### PROBLEM TO WORK ON
The expected result is the run of lines from the one containing "on_W W (\<beta>" to the end of the listing, copied exactly.

- - -

(* Let $d=2$, $X\sim\mathcal{N}(0,I_2)$ independent of $\beta$, $\bar\beta=(1,0)$ and $\beta=\bar\beta+\epsilon$ with $\epsilon=(1,-1)$ or $\epsilon=(-1,1)$ each with probability $1/2$ (so $\epsilon$ and $-\epsilon$ have the same distribution). Then no solution $\hat\beta^{\mathrm{RLHF}}$ of the moment equation $\mathbb{E}_X[\sigma(X^\top\hat\beta^{\mathrm{RLHF}})X]=\mathbb{E}_X[\mathbb{E}_\beta[\sigma(X^\top\beta)]X]$ is a scalar multiple of $\bar\beta$; in particular the RLHF estimator does not recover the direction of $\bar\beta$ even though the heterogeneity is symmetric. *)

theory Defs
  imports "HOL-Probability.Probability"
begin

definition sigmoid :: "real \<Rightarrow> real" where
  "sigmoid t = 1 / (1 + exp (- t))"

definition gauss2 :: "(real \<times> real) measure" where
  "gauss2 = density lborel std_normal_density \<Otimes>\<^sub>M density lborel std_normal_density"

definition eps_dist :: "(real \<times> real) pmf" where
  "eps_dist = pmf_of_set {(1, -1), (-1, 1)}"

definition beta_bar :: "real \<times> real" where
  "beta_bar = (1, 0)"

end

theory Submission
  imports Defs
begin

text \<open>
  If \<open>b = (c, 0)\<close>, the second coordinate of the left-hand side is
  \<open>E[\<sigma>(c x) y] = 0\<close>, since \<open>y \<mapsto> -y\<close> preserves the Gaussian law.
  Since \<open>\<beta>\<close> is \<open>(2, -1)\<close> or \<open>(0, 1)\<close>, the second coordinate of the
  right-hand side is \<open>E[(\<sigma>(2x - y) + \<sigma>(y)) y] / 2\<close>.
  Symmetrising in \<open>x \<mapsto> -x\<close> and using \<open>\<sigma>(-t) = 1 - \<sigma>(t)\<close> turns it into
  \<open>E[y (2\<sigma>(y) - \<sigma>(y + 2x) - \<sigma>(y - 2x))] / 4\<close>, and the integrand is positive
  off the axes because
  \<open>2\<sigma>(y) - \<sigma>(y + t) - \<sigma>(y - t)\<close> has the sign of \<open>y\<close> for \<open>t \<noteq> 0\<close>.
\<close>

lemma sigmoid_eq_exp: "sigmoid t = exp t / (1 + exp t)"
  unfolding sigmoid_def by (simp add: exp_minus field_simps)

lemma sigmoid_pos: "0 < sigmoid t"
  unfolding sigmoid_def by (simp add: add_pos_pos)

lemma sigmoid_less_1: "sigmoid t < 1"
proof -
  have "0 < 1 + exp t"
    by (simp add: add_pos_pos)
  then show ?thesis
    unfolding sigmoid_eq_exp by (simp add: divide_less_eq)
qed
(* Let $W$ be a nonempty closed subset of $\mathbb{R}$, let $\alpha,\beta\in\mathrm{Aut}(W)$, $a\in\mathrm{Fix}_W(\alpha)$, $b\in\mathrm{Fix}_W(\beta)$. Suppose $a<b$, $\mathrm{Fix}_W(\alpha)\cap(a,b]=\emptyset$ and $\mathrm{Fix}_W(\beta)\cap[a,b)=\emptyset$. Then $\langle\alpha,\beta\rangle$ contains a nonabelian free subsemigroup.
   Context: $\mathrm{Aut}(W)$ is the group of order preserving bijections of $W$ (with the order induced from $\mathbb{R}$). $\mathrm{Fix}_W(g)$ is the set of points of $W$ fixed by $g$. *)

theory Defs
  imports "HOL-Analysis.Analysis"
begin

definition Aut :: "real set \<Rightarrow> (real \<Rightarrow> real) set" where
  "Aut W = {f. bij_betw f W W \<and> strict_mono_on W f}"

definition Fix :: "real set \<Rightarrow> (real \<Rightarrow> real) \<Rightarrow> real set" where
  "Fix W g = {x \<in> W. g x = x}"

text \<open>Elements of Aut(W) are represented canonically as maps that are the identity off W.\<close>
definition on_W :: "real set \<Rightarrow> (real \<Rightarrow> real) \<Rightarrow> real \<Rightarrow> real" where
  "on_W W f = (\<lambda>x. if x \<in> W then f x else x)"

inductive_set gen_group :: "real set \<Rightarrow> (real \<Rightarrow> real) \<Rightarrow> (real \<Rightarrow> real) \<Rightarrow> (real \<Rightarrow> real) set"
  for W :: "real set" and \<alpha> \<beta> :: "real \<Rightarrow> real" where
  gen_id: "on_W W id \<in> gen_group W \<alpha> \<beta>"
| gen_a: "g \<in> gen_group W \<alpha> \<beta> \<Longrightarrow> on_W W (\<alpha> \<circ> g) \<in> gen_group W \<alpha> \<beta>"
| gen_a_inv: "g \<in> gen_group W \<alpha> \<beta> \<Longrightarrow> on_W W (inv_into W \<alpha> \<circ> g) \<in> gen_group W \<alpha> \<beta>"
| gen_b: "g \<in> gen_group W \<alpha> \<beta> \<Longrightarrow> on_W W (\<beta> \<circ> g) \<in> gen_group W \<alpha> \<beta>"
| gen_b_inv: "g \<in> gen_group W \<alpha> \<beta> \<Longrightarrow> on_W W (inv_into W \<beta> \<circ> g) \<in> gen_group W \<alpha> \<beta>"

fun word_eval :: "('a \<Rightarrow> 'a) \<Rightarrow> ('a \<Rightarrow> 'a) \<Rightarrow> bool list \<Rightarrow> 'a \<Rightarrow> 'a" where
  "word_eval g h [] = id"
| "word_eval g h (c # w) = (if c then g else h) \<circ> word_eval g h w"

definition free_semigroup_pair :: "('a \<Rightarrow> 'a) \<Rightarrow> ('a \<Rightarrow> 'a) \<Rightarrow> bool" where
  "free_semigroup_pair g h \<longleftrightarrow>
     (\<forall>u v. u \<noteq> [] \<longrightarrow> v \<noteq> [] \<longrightarrow> word_eval g h u = word_eval g h v \<longrightarrow> u = v)"

end

theory Submission
  imports Defs
begin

- - -

### SOLUTION TO THIS PROBLEM
| gen_b: "g \<in> gen_group W \<alpha> \<beta> \<Longrightarrow> on_W W (\<beta> \<circ> g) \<in> gen_group W \<alpha> \<beta>"
| gen_b_inv: "g \<in> gen_group W \<alpha> \<beta> \<Longrightarrow> on_W W (inv_into W \<beta> \<circ> g) \<in> gen_group W \<alpha> \<beta>"

fun word_eval :: "('a \<Rightarrow> 'a) \<Rightarrow> ('a \<Rightarrow> 'a) \<Rightarrow> bool list \<Rightarrow> 'a \<Rightarrow> 'a" where
  "word_eval g h [] = id"
| "word_eval g h (c # w) = (if c then g else h) \<circ> word_eval g h w"

definition free_semigroup_pair :: "('a \<Rightarrow> 'a) \<Rightarrow> ('a \<Rightarrow> 'a) \<Rightarrow> bool" where
  "free_semigroup_pair g h \<longleftrightarrow>
     (\<forall>u v. u \<noteq> [] \<longrightarrow> v \<noteq> [] \<longrightarrow> word_eval g h u = word_eval g h v \<longrightarrow> u = v)"

end

theory Submission
  imports Defs
begin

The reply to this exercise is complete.